● **Input**:
● ● ● ● ● ● ●

(* Under the hypotheses of Theorem 1 (i.e., $(\mathbf{A},\mathbf{C})$ observable and $\{\mathcal{G}[k]\}$ satisfying the joint strong-connectivity assumption with parameter $T$), there exist observer gains $\mathbf{L}_1,\dots,\mathbf{L}_N$ (namely, any gains such that each $\mathbf{A}_{jj}-\mathbf{L}_j\mathbf{C}_{jj}$ is nilpotent) such that, when every node runs the freshness-index algorithm, for all initial states and all initial estimates, $\hat{\mathbf{z}}_i[k]=\mathbf{z}[k]$ (equivalently $\hat{\mathbf{x}}_i[k]=\mathbf{T}\hat{\mathbf{z}}_i[k]=\mathbf{x}[k]$) for every $i\in\mathcal{V}$ and every $k\ge n+2N(N-1)T$.
   Context: Graphs. Nodes $\mathcal{V}=\{1,\dots,N\}$. At each time $k\in\mathbb{N}=\{0,1,2,\dots\}$ there is a directed graph $\mathcal{G}[k]=(\mathcal{V},\mathcal{E}[k])$; $(i,j)\in\mathcal{E}[k]$ means node $i$ can send information to node $j$ at time $k$. $\mathcal{N}_i[k]=\{l\neq i:(l,i)\in\mathcal{E}[k]\}$ is the set of neighbors of $i$ at time $k$. The union graph over an interval of times has vertex set $\mathcal{V}$ and edge set the union of the edge sets over that interval. Joint strong-connectivity assumption: there is $T\in\mathbb{N}_+=\{1,2,\dots\}$ such that for every $k\in\mathbb{N}$ the union graph over $[kT,(k+1)T)$ is strongly connected. System. $\mathbf{x}[k+1]=\mathbf{A}\mathbf{x}[k]$, $\mathbf{y}_i[k]=\mathbf{C}_i\mathbf{x}[k]$, $\mathbf{A}\in\mathbb{R}^{n\times n}$, $\mathbf{C}=[\mathbf{C}_1^T\cdots\mathbf{C}_N^T]^T$. Since $(\mathbf{A},\mathbf{C})$ is observable, there is an invertible $\mathbf{T}$ (fixed throughout) such that with $\mathbf{x}[k]=\mathbf{T}\mathbf{z}[k]$ one has $\mathbf{z}[k+1]=\bar{\mathbf{A}}\mathbf{z}[k]$, $\mathbf{y}_i[k]=\mathbf{C}_i\mathbf{T}\mathbf{z}[k]$, where $\mathbf{z}=[\mathbf{z}^{(1)T}\cdots\mathbf{z}^{(N)T}]^T$ with $\mathbf{z}^{(j)}\in\mathbb{R}^{n_j}$ ("substate $j$"), $\sum_j n_j=n$, $\bar{\mathbf{A}}=\mathbf{T}^{-1}\mathbf{A}\mathbf{T}$ is block lower triangular with blocks $\mathbf{A}_{jq}$ ($\mathbf{A}_{jq}=0$ for $q>j$), so $\mathbf{z}^{(j)}[k+1]=\mathbf{A}_{jj}\mathbf{z}^{(j)}[k]+\sum_{q=1}^{j-1}\mathbf{A}_{jq}\mathbf{z}^{(q)}[k]$; and $\mathbf{C}_i\mathbf{T}=[\mathbf{C}_{i1}\ \cdots\ \mathbf{C}_{ii}\ 0\ \cdots\ 0]$, so $\mathbf{y}_i[k]=\sum_{q=1}^{i}\mathbf{C}_{iq}\mathbf{z}^{(q)}[k]$; moreover each pair $(\mathbf{A}_{jj},\mathbf{C}_{jj})$ is observable. Node $j$ is called the source node of substate $j$. Freshness indices. For each substate $j$ and node $i$, node $i$ keeps $\tau^{(j)}_i[k]\in\{\omega\}\cup\mathbb{N}$, where $\omega$ is a special symbol. Initialization: $\tau^{(j)}_j[0]=0$, $\tau^{(j)}_i[0]=\omega$ for $i\neq j$. The source keeps $\tau^{(j)}_j[k]=0$ for all $k$. For $i\neq j$, let $\mathcal{M}^{(j)}_i[k]=\{l\in\mathcal{N}_i[k]:\tau^{(j)}_l[k]\neq\omega\}$. Case 1, $\tau^{(j)}_i[k]=\omega$: if $\mathcal{M}^{(j)}_i[k]\neq\emptyset$, let $u$ be any minimizer of $\tau^{(j)}_l[k]$ over $l\in\mathcal{M}^{(j)}_i[k]$, set $\tau^{(j)}_i[k+1]=\tau^{(j)}_u[k]+1$ and perform an "adopt-$u$" estimate update; otherwise set $\tau^{(j)}_i[k+1]=\omega$ and perform an "open-loop" estimate update. Case 2, $\tau^{(j)}_i[k]\neq\omega$: let $\mathcal{F}^{(j)}_i[k]=\{l\in\mathcal{M}^{(j)}_i[k]:\tau^{(j)}_l[k]<\tau^{(j)}_i[k]\}$; if nonempty, let $u$ be any minimizer of $\tau^{(j)}_l[k]$ over $\mathcal{F}^{(j)}_i[k]$, set $\tau^{(j)}_i[k+1]=\tau^{(j)}_u[k]+1$ and perform an adopt-$u$ update; otherwise set $\tau^{(j)}_i[k+1]=\tau^{(j)}_i[k]+1$ and perform an open-loop update. Estimates. Each node $i$ keeps $\hat{\mathbf{z}}_i[k]=[\hat{\mathbf{z}}^{(1)T}_i[k]\cdots\hat{\mathbf{z}}^{(N)T}_i[k]]^T$, with arbitrary initial value. Source update for substate $j$: $\hat{\mathbf{z}}^{(j)}_j[k+1]=(\mathbf{A}_{jj}-\mathbf{L}_j\mathbf{C}_{jj})\hat{\mathbf{z}}^{(j)}_j[k]+\sum_{q=1}^{j-1}(\mathbf{A}_{jq}-\mathbf{L}_j\mathbf{C}_{jq})\hat{\mathbf{z}}^{(q)}_j[k]+\mathbf{L}_j\mathbf{y}_j[k]$. Adopt-$u$ update at node $i\ne j$: $\hat{\mathbf{z}}^{(j)}_i[k+1]=\mathbf{A}_{jj}\hat{\mathbf{z}}^{(j)}_u[k]+\sum_{q=1}^{j-1}\mathbf{A}_{jq}\hat{\mathbf{z}}^{(q)}_i[k]$. Open-loop update at node $i\neq j$: $\hat{\mathbf{z}}^{(j)}_i[k+1]=\mathbf{A}_{jj}\hat{\mathbf{z}}^{(j)}_i[k]+\sum_{q=1}^{j-1}\mathbf{A}_{jq}\hat{\mathbf{z}}^{(q)}_i[k]$. These updates are carried out for every substate $j$ at every time $k$. *)

theory Defs
  imports "Jordan_Normal_Form.Matrix"
begin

● ● ● ● ● ● ●

● **Goal of the exercise**: Output the listing above exactly as it appears.

● **Answer to the exercise**:
(* Under the hypotheses of Theorem 1 (i.e., $(\mathbf{A},\mathbf{C})$ observable and $\{\mathcal{G}[k]\}$ satisfying the joint strong-connectivity assumption with parameter $T$), there exist observer gains $\mathbf{L}_1,\dots,\mathbf{L}_N$ (namely, any gains such that each $\mathbf{A}_{jj}-\mathbf{L}_j\mathbf{C}_{jj}$ is nilpotent) such that, when every node runs the freshness-index algorithm, for all initial states and all initial estimates, $\hat{\mathbf{z}}_i[k]=\mathbf{z}[k]$ (equivalently $\hat{\mathbf{x}}_i[k]=\mathbf{T}\hat{\mathbf{z}}_i[k]=\mathbf{x}[k]$) for every $i\in\mathcal{V}$ and every $k\ge n+2N(N-1)T$.
   Context: Graphs. Nodes $\mathcal{V}=\{1,\dots,N\}$. At each time $k\in\mathbb{N}=\{0,1,2,\dots\}$ there is a directed graph $\mathcal{G}[k]=(\mathcal{V},\mathcal{E}[k])$; $(i,j)\in\mathcal{E}[k]$ means node $i$ can send information to node $j$ at time $k$. $\mathcal{N}_i[k]=\{l\neq i:(l,i)\in\mathcal{E}[k]\}$ is the set of neighbors of $i$ at time $k$. The union graph over an interval of times has vertex set $\mathcal{V}$ and edge set the union of the edge sets over that interval. Joint strong-connectivity assumption: there is $T\in\mathbb{N}_+=\{1,2,\dots\}$ such that for every $k\in\mathbb{N}$ the union graph over $[kT,(k+1)T)$ is strongly connected. System. $\mathbf{x}[k+1]=\mathbf{A}\mathbf{x}[k]$, $\mathbf{y}_i[k]=\mathbf{C}_i\mathbf{x}[k]$, $\mathbf{A}\in\mathbb{R}^{n\times n}$, $\mathbf{C}=[\mathbf{C}_1^T\cdots\mathbf{C}_N^T]^T$. Since $(\mathbf{A},\mathbf{C})$ is observable, there is an invertible $\mathbf{T}$ (fixed throughout) such that with $\mathbf{x}[k]=\mathbf{T}\mathbf{z}[k]$ one has $\mathbf{z}[k+1]=\bar{\mathbf{A}}\mathbf{z}[k]$, $\mathbf{y}_i[k]=\mathbf{C}_i\mathbf{T}\mathbf{z}[k]$, where $\mathbf{z}=[\mathbf{z}^{(1)T}\cdots\mathbf{z}^{(N)T}]^T$ with $\mathbf{z}^{(j)}\in\mathbb{R}^{n_j}$ ("substate $j$"), $\sum_j n_j=n$, $\bar{\mathbf{A}}=\mathbf{T}^{-1}\mathbf{A}\mathbf{T}$ is block lower triangular with blocks $\mathbf{A}_{jq}$ ($\mathbf{A}_{jq}=0$ for $q>j$), so $\mathbf{z}^{(j)}[k+1]=\mathbf{A}_{jj}\mathbf{z}^{(j)}[k]+\sum_{q=1}^{j-1}\mathbf{A}_{jq}\mathbf{z}^{(q)}[k]$; and $\mathbf{C}_i\mathbf{T}=[\mathbf{C}_{i1}\ \cdots\ \mathbf{C}_{ii}\ 0\ \cdots\ 0]$, so $\mathbf{y}_i[k]=\sum_{q=1}^{i}\mathbf{C}_{iq}\mathbf{z}^{(q)}[k]$; moreover each pair $(\mathbf{A}_{jj},\mathbf{C}_{jj})$ is observable. Node $j$ is called the source node of substate $j$. Freshness indices. For each substate $j$ and node $i$, node $i$ keeps $\tau^{(j)}_i[k]\in\{\omega\}\cup\mathbb{N}$, where $\omega$ is a special symbol. Initialization: $\tau^{(j)}_j[0]=0$, $\tau^{(j)}_i[0]=\omega$ for $i\neq j$. The source keeps $\tau^{(j)}_j[k]=0$ for all $k$. For $i\neq j$, let $\mathcal{M}^{(j)}_i[k]=\{l\in\mathcal{N}_i[k]:\tau^{(j)}_l[k]\neq\omega\}$. Case 1, $\tau^{(j)}_i[k]=\omega$: if $\mathcal{M}^{(j)}_i[k]\neq\emptyset$, let $u$ be any minimizer of $\tau^{(j)}_l[k]$ over $l\in\mathcal{M}^{(j)}_i[k]$, set $\tau^{(j)}_i[k+1]=\tau^{(j)}_u[k]+1$ and perform an "adopt-$u$" estimate update; otherwise set $\tau^{(j)}_i[k+1]=\omega$ and perform an "open-loop" estimate update. Case 2, $\tau^{(j)}_i[k]\neq\omega$: let $\mathcal{F}^{(j)}_i[k]=\{l\in\mathcal{M}^{(j)}_i[k]:\tau^{(j)}_l[k]<\tau^{(j)}_i[k]\}$; if nonempty, let $u$ be any minimizer of $\tau^{(j)}_l[k]$ over $\mathcal{F}^{(j)}_i[k]$, set $\tau^{(j)}_i[k+1]=\tau^{(j)}_u[k]+1$ and perform an adopt-$u$ update; otherwise set $\tau^{(j)}_i[k+1]=\tau^{(j)}_i[k]+1$ and perform an open-loop update. Estimates. Each node $i$ keeps $\hat{\mathbf{z}}_i[k]=[\hat{\mathbf{z}}^{(1)T}_i[k]\cdots\hat{\mathbf{z}}^{(N)T}_i[k]]^T$, with arbitrary initial value. Source update for substate $j$: $\hat{\mathbf{z}}^{(j)}_j[k+1]=(\mathbf{A}_{jj}-\mathbf{L}_j\mathbf{C}_{jj})\hat{\mathbf{z}}^{(j)}_j[k]+\sum_{q=1}^{j-1}(\mathbf{A}_{jq}-\mathbf{L}_j\mathbf{C}_{jq})\hat{\mathbf{z}}^{(q)}_j[k]+\mathbf{L}_j\mathbf{y}_j[k]$. Adopt-$u$ update at node $i\ne j$: $\hat{\mathbf{z}}^{(j)}_i[k+1]=\mathbf{A}_{jj}\hat{\mathbf{z}}^{(j)}_u[k]+\sum_{q=1}^{j-1}\mathbf{A}_{jq}\hat{\mathbf{z}}^{(q)}_i[k]$. Open-loop update at node $i\neq j$: $\hat{\mathbf{z}}^{(j)}_i[k+1]=\mathbf{A}_{jj}\hat{\mathbf{z}}^{(j)}_i[k]+\sum_{q=1}^{j-1}\mathbf{A}_{jq}\hat{\mathbf{z}}^{(q)}_i[k]$. These updates are carried out for every substate $j$ at every time $k$. *)

theory Defs
  imports "Jordan_Normal_Form.Matrix"
begin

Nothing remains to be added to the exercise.